Warraich’s graduation from the Urdu-language Jang and English-language The News dailies to the glam world, courtesy of Geo News, often masks the print journalism assets he has had, some of which show up only when he publishes a collection such as the latest one: Personal File: The hard and soft of Pakistani politics. In its two volumes, this coffee-table book dishes out literary briefs of known, many of them rather intrinsic to the country’s politics, and not-so-well-known people of Pakistan’s political history. The anthology goes beyond the usual biographical sketches to provide an insight into their lives, roles, motivations, strengths and weaknesses, and doughtiness and vulnerabilities through anecdotes and observations. With malice towards none, Warraich helps us see the positives and negatives in a political personality, family and party. However, he does not skip whatever has marred Pakistan’s political culture – toadyism and change of loyalties included – when he takes us on the history walk.

Politicians are understood and liked or disliked not only through their policies and political competence but also their personal characteristics and lives. Drawing on history and the interviews he has done from time to time during his journalistic career of more than three and a half decades, Warraich offers us images of political heavyweights and lightweights [read minions] who have weighed heavily in on the country’s politics to the extent of damaging it. Some with no spine have been talked about in a lowercase font.

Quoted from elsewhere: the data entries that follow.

text \<open>Choose for each \<open>y\<close> a colour with positive upper neighbourhood in \<open>A\<close>, shrink \<open>B\<close> to a
  positive set on which this colour is a constant \<open>n\<close>, then remove from \<open>A\<close> the null set of
  points with null \<open>m\<close>-neighbourhood in the new \<open>B\<close>.\<close>

lemma dense_colour_thinning:
  assumes A: "A \<notin> I" and B: "B \<notin> I" and dense: "dense_colour I c A B m"
  obtains A' B' n where "A' \<subseteq> A" "B' \<subseteq> B" "A' \<notin> I" "B' \<notin> I"
    "\<forall>x\<in>A'. up_nbhd c m x B' \<notin> I" "\<forall>y\<in>B'. up_nbhd c n y A' \<notin> I"
proof -
  define colour where "colour y = (SOME n. up_nbhd c n y A \<notin> I)" for y
  have colour: "up_nbhd c (colour y) y A \<notin> I" for y
    unfolding colour_def using ex_positive_up_nbhd[OF A] by (rule someI_ex)
  obtain n where "{y\<in>B. colour y = n} \<notin> I" using ex_positive_fibre[OF B, of colour] by blast
  define B' where "B' = {y\<in>B. colour y = n}"
  have B': "B' \<notin> I" "B' \<subseteq> B" unfolding B'_def using \<open>{y\<in>B. colour y = n} \<notin> I\<close> by auto
  define N where "N = {x\<in>A. up_nbhd c m x B' \<in> I}"
  have "N \<in> I"
    unfolding N_def using dense[unfolded dense_colour_def, rule_format, OF order_refl B'(2) A B'(1)] .
  define A' where "A' = A - N"
  have "A' \<notin> I" unfolding A'_def using ideal_on_Diff_positive[OF ideal A \<open>N \<in> I\<close>] .
  moreover have "up_nbhd c n y A' \<notin> I" if "y \<in> B'" for y
  proof -
    have "up_nbhd c n y A - N \<notin> I"
      using ideal_on_Diff_positive[OF ideal colour \<open>N \<in> I\<close>] that unfolding B'_def by auto
    moreover have "up_nbhd c n y A - N \<subseteq> up_nbhd c n y A'" unfolding up_nbhd_def A'_def by auto
    ultimately show ?thesis using ideal_on_subset[OF ideal] by blast
  qed
  moreover have "up_nbhd c m x B' \<notin> I" if "x \<in> A'" for x
    using that unfolding A'_def N_def by auto
  moreover have "A' \<subseteq> A" unfolding A'_def by auto
  ultimately show ?thesis using that B' by blast
qed

lemma hc_partition_if_dense_colour:
  assumes "A \<notin> I" and "B \<notin> I" and "dense_colour I c A B m"
  shows "hc_partition 2 c"
proof -
  obtain A' B' n where sub: "A' \<subseteq> A" "B' \<subseteq> B" and pos: "A' \<notin> I" "B' \<notin> I"
    and A'_nbhd: "\<forall>x\<in>A'. up_nbhd c m x B' \<notin> I" and B'_nbhd: "\<forall>y\<in>B'. up_nbhd c n y A' \<notin> I"
    using dense_colour_thinning[OF assms] by blast
  have dense': "dense_colour I c A' B' m" using dense_colour_mono[OF assms(3) sub] .
  define K where "K = (if m = n then {m, Suc m} else {m, n})"
  have K: "finite K" "card K = 2" "m \<in> K" "n \<in> K" unfolding K_def by auto
  have "A' \<union> B' \<notin> I" using ideal_on_subset[OF ideal _ Un_upper1] pos(1) by blast
  then have size: "|A' \<union> B'| =o |UNIV :: 'k set|" by (rule uniform_ideal_positive_card[OF uniform])
  have "highly_connected (A' \<union> B') {e. e \<subseteq> A' \<union> B' \<and> card e = 2 \<and> c e \<in> K}"
    unfolding highly_connected_def
  proof (intro allI impI)
    fix Y assume "Y \<subseteq> A' \<union> B'" and "|Y| <o |A' \<union> B'|"
    then have "Y \<in> I" using small_in_ideal ordLess_ordIso_trans[OF _ size] by blast
    then show "graph_connected (A' \<union> B' - Y) {e. e \<subseteq> A' \<union> B' \<and> card e = 2 \<and> c e \<in> K}"
      using graph_connected_Diff_null[OF ideal dense' A'_nbhd B'_nbhd K(3,4)] by blast
  qed
  then show ?thesis unfolding hc_partition_def using size K(1,2) by blast
qed

lemma colours_omittable_if_not_hc_partition:
  assumes "\<not> hc_partition 2 c"
  shows "colours_omittable I c"
  unfolding colours_omittable_def omitting_move_def legal_move_def
proof (intro allI impI, elim conjE)
  fix k and AB :: "'k set \<times> 'k set"
  assume "fst AB \<notin> I" "snd AB \<notin> I"
  then have "\<not> dense_colour I c (fst AB) (snd AB) k"
    using hc_partition_if_dense_colour assms by blast
  then obtain A' B' where "A' \<subseteq> fst AB" "B' \<subseteq> snd AB" "A' \<notin> I" "B' \<notin> I" "omits_colour c k A' B'"
    by (rule not_dense_colour_omits_colour[OF ideal normal])
  then show "\<exists>AB'. (fst AB' \<notin> I \<and> snd AB' \<notin> I) \<and> fst AB' \<subseteq> fst AB \<and> snd AB' \<subseteq> snd AB
      \<and> omits_colour c k (fst AB') (snd AB')"
    by (intro exI[of _ "(A', B')"]) simp
qed

end

theorem mainTheorem6:
  fixes I :: "('k::wellorder) set set"
  assumes "card_order (wo_rel_of :: 'k rel)"
    and "regularCard (wo_rel_of :: 'k rel)"
    and "\<not> countable (UNIV :: 'k set)"
    and "ideal_on I" and "uniform_ideal I" and "normal_ideal I" and "two_precipitous I"
  shows "hc_arrow TYPE('k) 2"
  unfolding hc_arrow_def
proof (rule allI, rule ccontr)
  fix c :: "'k set \<Rightarrow> nat"
  assume "\<not> hc_partition 2 c"
  interpret uniform_normal_ideal I using assms(1-6) by unfold_locales
  have "colours_omittable I c"
    using \<open>\<not> hc_partition 2 c\<close> by (rule colours_omittable_if_not_hc_partition)
  then have "empty_winning_strategy I (omitting_strategy I c)"
    by (rule empty_winning_strategy_omitting_strategy[OF ideal])
  with assms(7) show False unfolding two_precipitous_def by blast
qed

end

This entertainingly written and lavishly illustrated scrapbook offers a look at politics and politicians that is both personal and thoroughly researched. Engaging and often illuminating, it is an amazing historical document on the tempestuous history of politics from a political journalist with an indefatigable curiosity. It exposes lies, hypocrisies, stupidity and corruption in the public arena. Warraich’s sense of humour provides the canvas and the frame for the book, a wittily alarming polemic that tracks the evolution of Pakistan’s political culture.

Warraich is rarely savage, mostly ironic but without cheap sarcasm. Even so, we get to learn about incidents illustrating someone or the other being thin-skinned to his witty takes. The articles aim to make us both laugh at the idiotic tricks of these public figures and cry at the disasters they have caused. A wonderful storyteller, Warraich has exciting stories to tell. Through this skill of his, he has made us understand politics. Our slide into the abyss we find ourselves in, and our embrace of anti-intellectualism are all diagnostically chronicled in the takedown of incompetents. An equal-opportunity analyst, Warraich uses his skills to skewer and expose all hues of politicians and other individuals who have impacted the polity. In pulling back the curtain, he spares none.

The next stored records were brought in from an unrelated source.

lemma Ucross_nonzero:
  assumes "Q \<noteq> 0" and U_nz: "\<And>i. 0 < i \<Longrightarrow> U P Q i \<noteq> 0"
    and "0 < i" and "0 < j" and "i \<noteq> j"
  shows "Ucross P Q i j \<noteq> 0"
proof (cases "i < j")
  case True
  then show ?thesis
    using assms U_nz[of "j - i"] by (simp add: Ucross_eq)
next
  case False
  then show ?thesis
    using assms U_nz[of "i - j"] by (subst Ucross_antisym) (simp add: Ucross_eq)
qed

lemma Ufact_eq_prod_below: "k \<le> j \<Longrightarrow> Ufact P Q (j - k) = (\<Prod>i=k..<j. U P Q (j - i))"
  unfolding Ufact_def
  by (rule prod.reindex_bij_witness[where i = "\<lambda>i. j - i" and j = "\<lambda>d. j - d"]) auto

lemma Ufact_eq_prod_above: "Ufact P Q (n - j) = (\<Prod>i\<in>{j<..n}. U P Q (i - j))"
  unfolding Ufact_def
  by (rule prod.reindex_bij_witness[where i = "\<lambda>i. i - j" and j = "\<lambda>d. d + j"]) auto

lemma fjkn_eq:
  assumes "j \<in> {k..n}"
  shows "fjkn j k n = (\<Sum>i=k..<j. i) + j * (n - j)"
proof -
  have "fjkn j k n = (\<Sum>i=k..<j. min i j) + (\<Sum>i\<in>{j<..n}. min i j)"
    unfolding fjkn_def using assms by (subst sum.union_disjoint[symmetric]) (auto intro: sum.cong)
  then show ?thesis
    by simp
qed

lemma fjkn_ge:
  assumes "0 < k" and "j \<in> {k..n}"
  shows "n - k \<le> fjkn j k n"
proof -
  have "n - k = (\<Sum>i\<in>{k..n} - {j}. 1)"
    using assms by simp
  also have "\<dots> \<le> fjkn j k n"
    unfolding fjkn_def using assms by (intro sum_mono) auto
  finally show ?thesis .
qed

lemma prod_Ucross:
  assumes "0 < k" and j: "j \<in> {k..n}"
  shows "(\<Prod>i\<in>{k..n}-{j}. Ucross P Q i j)
         = (-1) ^ (n - j) * Q ^ fjkn j k n * Ufact P Q (j - k) * Ufact P Q (n - j)"
proof -
  have below: "(\<Prod>i=k..<j. Ucross P Q i j) = Q ^ (\<Sum>i=k..<j. i) * Ufact P Q (j - k)"
  proof -
    have "(\<Prod>i=k..<j. Ucross P Q i j) = (\<Prod>i=k..<j. Q ^ i * U P Q (j - i))"
      using assms by (intro prod.cong refl Ucross_eq) auto
    then show ?thesis
      using j by (simp add: prod.distrib power_sum Ufact_eq_prod_below)
  qed
  have above: "(\<Prod>i\<in>{j<..n}. Ucross P Q i j) = (-1) ^ (n - j) * Q ^ (j * (n - j)) * Ufact P Q (n - j)"
  proof -
    have "(\<Prod>i\<in>{j<..n}. Ucross P Q i j) = (\<Prod>i\<in>{j<..n}. - 1 * Q ^ j * U P Q (i - j))"
      using assms by (intro prod.cong refl) (simp add: Ucross_antisym[of P Q _ j] Ucross_eq)
    also have "\<dots> = (\<Prod>i\<in>{j<..n}. - 1) * (\<Prod>i\<in>{j<..n}. Q ^ j) * (\<Prod>i\<in>{j<..n}. U P Q (i - j))"
      by (simp only: prod.distrib)
    finally show ?thesis
      by (simp add: power_mult Ufact_eq_prod_above)
  qed
  have parts: "{k..n} - {j} = {k..<j} \<union> {j<..n}"
    using j by auto
  have "(\<Prod>i\<in>{k..n}-{j}. Ucross P Q i j) = (\<Prod>i=k..<j. Ucross P Q i j) * (\<Prod>i\<in>{j<..n}. Ucross P Q i j)"
    unfolding parts by (rule prod.union_disjoint) auto
  then show ?thesis
    unfolding below above fjkn_eq[OF j] power_add by (simp add: algebra_simps)
qed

A witty yet well-researched and original look at the political, religio-political and apolitically political characters and families, Warraich’s book informs, enrages, provokes and amuses. In being predictive, these write-ups and analyses can shock, gall and inspire long after their creation. Although to the writer, the coffee-table book is his ‘lifetime dream’ and a ‘celebration of lifelong English-language writings’, for us mortals, it’s a must-read round-up and foundational reading of Pakistan’s politics. Besides appealing to Warraich’s many followers who still miss his debate-generating political interviews for his newspaper and magazine, this book will deservedly earn him new readers among the young people who now get to see him only on their television sets and mobile screens.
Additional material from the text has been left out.